That's not very teasing at all to someone with a background in complex systems. He is giving a far too embellished view of emergence. Emergent phenomena should become a high school class rather sooner than later so people can clear up so many confusions about neuroscience's and physics' views of conscience. The book is good introduction but the pessimism detracts from the meat of the theory.
>it disappears constantly, is automatic, is ephemeral, it has no clear horizons or dimensions.[...]

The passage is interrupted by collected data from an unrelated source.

lemma IS_mean_eq:
  assumes "0 < \<theta>"
  shows "IS_mean G \<theta>
    = ennreal (1 / enn2real (IS_C G \<theta>)) * (ennreal \<theta> * (\<integral>\<^sup>+t\<in>{0<..}. ennreal (G (d_IS t 1)) \<partial>lborel))"
proof -
  let ?c = "1 / enn2real (IS_C G \<theta>)"
  have "IS_mean G \<theta> = (\<integral>\<^sup>+x. ennreal ?c * (ennreal (G (d_IS x \<theta>)) * indicator {0<..} x) \<partial>lborel)"
    unfolding IS_mean_def IS_density_def
    by (intro nn_integral_cong) (auto simp: indicator_def ennreal_mult[symmetric] G_nonneg)
  also have "\<dots> = ennreal ?c * (\<integral>\<^sup>+x\<in>{0<..}. ennreal (G (d_IS x \<theta>)) \<partial>lborel)"
    by (rule nn_integral_cmult) measurable
  also have "(\<integral>\<^sup>+x\<in>{0<..}. ennreal (G (d_IS x \<theta>)) \<partial>lborel)
      = ennreal \<theta> * (\<integral>\<^sup>+t\<in>{0<..}. ennreal (G (d_IS (\<theta> * t) \<theta>)) \<partial>lborel)"
    by (rule set_nn_integral_pos_scale[OF _ assms]) measurable
  also have "(\<integral>\<^sup>+t\<in>{0<..}. ennreal (G (d_IS (\<theta> * t) \<theta>)) \<partial>lborel)
      = (\<integral>\<^sup>+t\<in>{0<..}. ennreal (G (d_IS t 1)) \<partial>lborel)"
    using assms by (simp add: d_IS_eq_d_IS_div[of "\<theta> * _"])
  finally show ?thesis .
qed

lemma IS_mean_finite_iff:
  assumes C: "0 < IS_C G 1" "IS_C G 1 < \<infinity>" and \<theta>: "0 < \<theta>"
  shows "IS_mean G \<theta> < \<infinity> \<longleftrightarrow> set_integrable lborel {0..} G"
proof -
  let ?M = "\<integral>\<^sup>+t\<in>{0<..}. ennreal (G (d_IS t 1)) \<partial>lborel"
  let ?L = "\<integral>\<^sup>+u\<in>{0<..}. ennreal (G u) \<partial>lborel"
  have "0 < enn2real (IS_C G \<theta>)"
    using C by (simp add: IS_C_eq_IS_C_1[OF \<theta>] enn2real_positive_iff)
  then have "IS_mean G \<theta> < \<infinity> \<longleftrightarrow> ?M < \<infinity>"
    using \<theta> by (auto simp: IS_mean_eq ennreal_mult_less_top top_unique)
  also have "\<dots> \<longleftrightarrow> ?L < \<infinity>"
  proof
    show "?M < \<infinity> \<Longrightarrow> ?L < \<infinity>"
      using set_nn_integral_le_set_nn_integral_d_IS by (rule le_less_trans)
    show "?L < \<infinity> \<Longrightarrow> ?M < \<infinity>"
      using le_less_trans[OF set_nn_integral_d_IS_le] C(2) unfolding IS_C_def
      by simp
  qed
  finally show ?thesis
    by (simp add: set_integrable_Ici_iff)
qed

lemma IS_C_eq_set_nn_integral_d_IS:
  assumes "set_integrable lborel {0..} G" "0 < \<theta>"
  shows "IS_C G \<theta> = (\<integral>\<^sup>+t\<in>{0<..}. ennreal (G (d_IS t 1)) \<partial>lborel)"
  using set_nn_integral_d_IS_eq_inverse_weighted assms
  unfolding IS_C_eq_IS_C_1[OF assms(2)] by (simp add: set_integrable_Ici_iff IS_C_def)

lemma IS_mean_eq_theta:
  assumes C: "0 < IS_C G 1" "IS_C G 1 < \<infinity>" and "set_integrable lborel {0..} G" and \<theta>: "0 < \<theta>"
  shows "IS_mean G \<theta> = \<theta>"
proof -
  define c where "c = enn2real (IS_C G \<theta>)"
  have c: "IS_C G \<theta> = ennreal c" "0 < c"
    using C by (auto simp: c_def IS_C_eq_IS_C_1[OF \<theta>] less_top enn2real_positive_iff)
  have "(\<integral>\<^sup>+t\<in>{0<..}. ennreal (G (d_IS t 1)) \<partial>lborel) = ennreal c"
    using IS_C_eq_set_nn_integral_d_IS[OF assms(3) \<theta>] c(1) by simp
  then have "IS_mean G \<theta> = ennreal (1 / c) * (ennreal \<theta> * ennreal c)"
    using IS_mean_eq[OF \<theta>] c by simp
  also have "\<dots> = ennreal (1 / c * (\<theta> * c))"
    using c \<theta> by (simp add: ennreal_mult'[symmetric])
  also have "1 / c * (\<theta> * c) = \<theta>"
    using c by simp
  finally show ?thesis .
qed

end

lemma IS_C_cong:
  assumes "\<And>u. 0 \<le> u \<Longrightarrow> g u = h u" and "0 < \<theta>"
  shows "IS_C g \<theta> = IS_C h \<theta>"
  unfolding IS_C_def using assms d_IS_nonneg by (intro nn_integral_cong) (auto simp: indicator_def)

lemma IS_mean_cong:
  assumes "\<And>u. 0 \<le> u \<Longrightarrow> g u = h u" and "0 < \<theta>"
  shows "IS_mean g \<theta> = IS_mean h \<theta>"
  unfolding IS_mean_def IS_density_def using assms d_IS_nonneg
  by (intro nn_integral_cong) (auto simp: indicator_def IS_C_cong[OF assms])

theorem mainTheorem4:
  fixes g :: "real \<Rightarrow> real" and \<theta> :: real
  assumes g_meas: "g \<in> borel_measurable (restrict_space borel {0..})"
    and g_nonneg: "\<And>u. 0 \<le> u \<Longrightarrow> 0 \<le> g u"
    and C_pos: "0 < (\<integral>\<^sup>+ t \<in> {0<..}. ennreal ((1 / t) * g (d_IS t 1)) \<partial>lborel)"
    and C_fin: "(\<integral>\<^sup>+ t \<in> {0<..}. ennreal ((1 / t) * g (d_IS t 1)) \<partial>lborel) < \<infinity>"
    and theta_pos: "0 < \<theta>"
  shows "IS_C g \<theta> = (\<integral>\<^sup>+ t \<in> {0<..}. ennreal ((1 / t) * g (d_IS t 1)) \<partial>lborel)
     \<and> (IS_mean g \<theta> < \<infinity> \<longleftrightarrow> set_integrable lborel {0..} g)
     \<and> (set_integrable lborel {0..} g \<longrightarrow>
          IS_mean g \<theta> = ennreal \<theta> \<and>
          IS_C g \<theta> = (\<integral>\<^sup>+ x \<in> {0<..}. ennreal (g (d_IS x 1)) \<partial>lborel))"
proof -
  define G where "G u = (if u \<in> {0..} then g u else 0)" for u
  have G_meas: "G \<in> borel_measurable borel"
    unfolding G_def using g_meas by (rule borel_measurable_if_restrict_space) simp
  have G_nonneg: "0 \<le> G u" for u
    by (simp add: G_def g_nonneg)
  have g_G: "g u = G u" if "0 \<le> u" for u
    using that by (simp add: G_def)
  have C: "IS_C g \<theta> = IS_C G 1" "IS_C g 1 = IS_C G 1"
    using IS_C_cong[OF g_G] IS_C_eq_IS_C_1[OF G_meas G_nonneg theta_pos] theta_pos by auto
  have mean: "IS_mean g \<theta> = IS_mean G \<theta>"
    using IS_mean_cong[OF g_G theta_pos] .
  have integrable: "set_integrable lborel {0..} g \<longleftrightarrow> set_integrable lborel {0..} G"
    by (rule set_integrable_cong) (auto simp: g_G)
  have M: "(\<integral>\<^sup>+x\<in>{0<..}. ennreal (g (d_IS x 1)) \<partial>lborel) = (\<integral>\<^sup>+x\<in>{0<..}. ennreal (G (d_IS x 1)) \<partial>lborel)"
    by (intro nn_integral_cong) (auto simp: indicator_def g_G d_IS_nonneg)
  have C_G: "0 < IS_C G 1" "IS_C G 1 < \<infinity>"
    using C_pos C_fin unfolding IS_C_def[of g 1, symmetric] C(2) by auto
  show ?thesis
    using IS_mean_finite_iff[OF G_meas G_nonneg C_G theta_pos]
      IS_mean_eq_theta[OF G_meas G_nonneg C_G _ theta_pos]
      IS_C_eq_set_nn_integral_d_IS[OF G_meas G_nonneg _ zero_less_one]
    unfolding IS_C_def[of g 1, symmetric] C mean integrable M by simp
qed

As emergent phenomenon, conscience/self relies on the organization of its individual agents, yet the collective effective may or may not be ephemeral. It is ephemeral in restrict wording but it's actually quasi-persistent when you consider the succession of states is smooth, i.e, the difference between any two states that are immediately followed by one another, is rather small. The approximation is important because it's the difference between a short memory loss patient that can't link one state to the other and everyone else that have, as he put it, illusion of self (calling it an illusion does nothing to put it into a different status than it already is though, he's merely being materialist about it).

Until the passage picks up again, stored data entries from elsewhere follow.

text \<open>Along a path of bundles g s with b-indifferent
  partners at levels l s, the a-ranking of bundle and partner cannot flip: where it flips,
  the partner would be a-indifferent as well, so it would lie on both indifference curves
  through g s, against single crossing.\<close>
lemma indiff_sign_constant_along_path:
  fixes g :: "real \<Rightarrow> alloc" and l :: "real \<Rightarrow> real"
  assumes a: "classical a" and b: "classical b" and sc: "single_crossing a b"
    and g: "continuous_on {0..1} g" and l: "continuous_on {0..1} l"
    and adm: "\<And>s. s \<in> {0..1} \<Longrightarrow> g s \<in> Zset \<and> 0 \<le> l s \<and> l s < snd (g s) \<and> b (0, l s) (g s)"
    and start: "indiff b (u, l 0) (g 0)" "\<not> a (u, l 0) (g 0)"
    and stop: "indiff b (v, l 1) (g 1)" "\<not> a (g 1) (v, l 1)"
  shows False
proof -
  define A where "A = {s \<in> {0..1}. \<exists>t. indiff b (t, l s) (g s) \<and> a (t, l s) (g s)}"
  define B where "B = {s \<in> {0..1}. \<exists>t. indiff b (t, l s) (g s) \<and> a (g s) (t, l s)}"
  have closed: "closed A" "closed B"
    unfolding A_def B_def using closed_indiff_partner_sets[OF a b g l] adm by simp_all
  have total: "a (t, l s) (g s) \<or> a (g s) (t, l s)" if "indiff b (t, l s) (g s)" for s t
    using classical_total[OF a] classical_Zset[OF b] that unfolding indiff_def by blast
  have cover: "{0..1} \<subseteq> A \<union> B"
  proof
    fix s :: real
    assume s: "s \<in> {0..1}"
    obtain t where "zless (t, l s) (g s)" "indiff b (t, l s) (g s)"
      using indiff_at_level[OF b] adm[OF s] by blast
    then show "s \<in> A \<union> B"
      using total s unfolding A_def B_def by blast
  qed
  have "1 \<in> A" "0 \<in> B"
    using total[OF stop(1)] total[OF start(1)] start stop unfolding A_def B_def by auto
  then have "A \<inter> {0..1} \<noteq> {}" "B \<inter> {0..1} \<noteq> {}"
    by auto
  then have "A \<inter> B \<inter> {0..1} \<noteq> {}"
    using connected_Icc[of "0::real" 1] closed cover unfolding connected_closed by blast
  then obtain s t t' where s: "s \<in> {0..1}" and
    t: "indiff b (t, l s) (g s)" "a (t, l s) (g s)" and
    t': "indiff b (t', l s) (g s)" "a (g s) (t', l s)"
    unfolding A_def B_def by blast
  have "b (t, l s) (t', l s)" "b (t', l s) (t, l s)"
    using classical_trans[OF b] t(1) t'(1) unfolding indiff_def by blast+
  then have "t = t'"
    using pref_fst_le[OF b, of "(t, l s)" "(t', l s)"] pref_fst_le[OF b, of "(t', l s)" "(t, l s)"]
    by simp
  then have "(t, l s) = g s"
    using single_crossing_common_indiff[OF a b sc] adm[OF s] t t' unfolding indiff_def by blast
  then show False
    using adm[OF s] by (metis less_irrefl snd_conv)
qed

lemma min_le_convex_comb:
  fixes x y s :: real
  assumes "0 \<le> s" "s \<le> 1"
  shows "min x y \<le> (1 - s) * x + s * y"
proof -
  have "min x y = (1 - s) * min x y + s * min x y"
    by (simp add: algebra_simps)
  also have "\<dots> \<le> (1 - s) * x + s * y"
    using assms by (intro add_mono mult_left_mono) auto
  finally show ?thesis .
qed

lemma indiff_sign_unique:
  assumes a: "classical a" and b: "classical b" and sc: "single_crossing a b"
    and x: "zless x z" "indiff b x z" "\<not> a x z"
    and y: "zless y z" "indiff b y z" "\<not> a z y"
  shows False
proof -
  obtain tx lx ty ly where xy: "x = (tx, lx)" "y = (ty, ly)"
    by fastforce
  have xZ: "x \<in> Zset" and yZ: "y \<in> Zset" and z: "z \<in> Zset"
    using classical_Zset[OF b] x(2) y(2) unfolding indiff_def by blast+
  have levels: "0 \<le> lx" "0 \<le> ly" "lx < snd z" "ly < snd z" and "0 \<le> tx" "0 \<le> ty"
    using xZ yZ x(1) y(1) xy by (auto simp: Zset_iff zless_def)
  define ll where "ll = (\<lambda>s::real. (1 - s) * lx + s * ly)"
  have adm: "z \<in> Zset \<and> 0 \<le> ll s \<and> ll s < snd z \<and> b (0, ll s) z" if s: "s \<in> {0..1}" for s
  proof -
    have min: "min lx ly \<le> ll s"
      using min_le_convex_comb s unfolding ll_def by simp
    have less: "ll s < snd z"
      using convex_bound_lt[OF levels(3,4), of "1 - s" s] s unfolding ll_def by simp
    have lZ: "(0, ll s) \<in> Zset"
      using min less levels z by (simp add: Zset_iff)
    have "b (0, ll s) x \<or> b (0, ll s) y"
    proof (cases "lx \<le> ly")
      case True
      then show ?thesis
        using pref_if_dominates[OF b lZ xZ] min xy \<open>0 \<le> tx\<close> by simp
    next
      case False
      then show ?thesis
        using pref_if_dominates[OF b lZ yZ] min xy \<open>0 \<le> ty\<close> by simp
    qed
    then have "b (0, ll s) z"
      using classical_trans[OF b] x(2) y(2) unfolding indiff_def by blast
    with z min less levels show ?thesis
      by simp
  qed
  have cont: "continuous_on {0..1} ll"
    unfolding ll_def by (intro continuous_intros)
  have ends: "ll 0 = lx" "ll 1 = ly"
    by (simp_all add: ll_def)
  show False
    by (rule indiff_sign_constant_along_path[OF a b sc continuous_on_const cont, where u = tx and v = ty])
      (use adm x y xy ends in simp_all)
qed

>Decisions happen many milliseconds before you feel you’ve made them, you also have literally no control over your motor functions or appetites. there’s just nothing going on there that resembles an agent.[...]
In light of the emergence paradigm, this is both obvious and mundane. The underground networks in an ant nest are an emergent phenomena built by the pheromone/smell relation of the queen and the other ants, but we do not claim the nest is doing roads by itself. What we do claim, is that the ant nest is a thing in its own, that has its own name, and its own properties that no worker ant neither the queen has. Likewise, a neuron cell does nothing that the human does, yet many cells do, there is nothing disenchanting about this because it makes 'us' abstract entities that result from very, very complex schema of individually simplistic/dumb agents.
Essentialism has been since long fought back to non-relevance, so I don't know what he is talking about in that passage. It shouldn't have followed from the fact that brains are nothing special that there is no afterlife, that should have come before really. Like I said to OP, I believe the root of disenchanting is the lack of education about how intricate and just how truly complex we are as phenomena. The simple fact that we cannot be treated as single elements but as the abstract part of a complex network that is "modular, networked together subsystems that resonate and intermingle but no consistent process we could call selfhood" with the added "perceived selfhood", should be the wet dream of most metaphysics. And this lack of consistency is even overestimated by him, as I said, conscience is quasi-persistent during most of the day.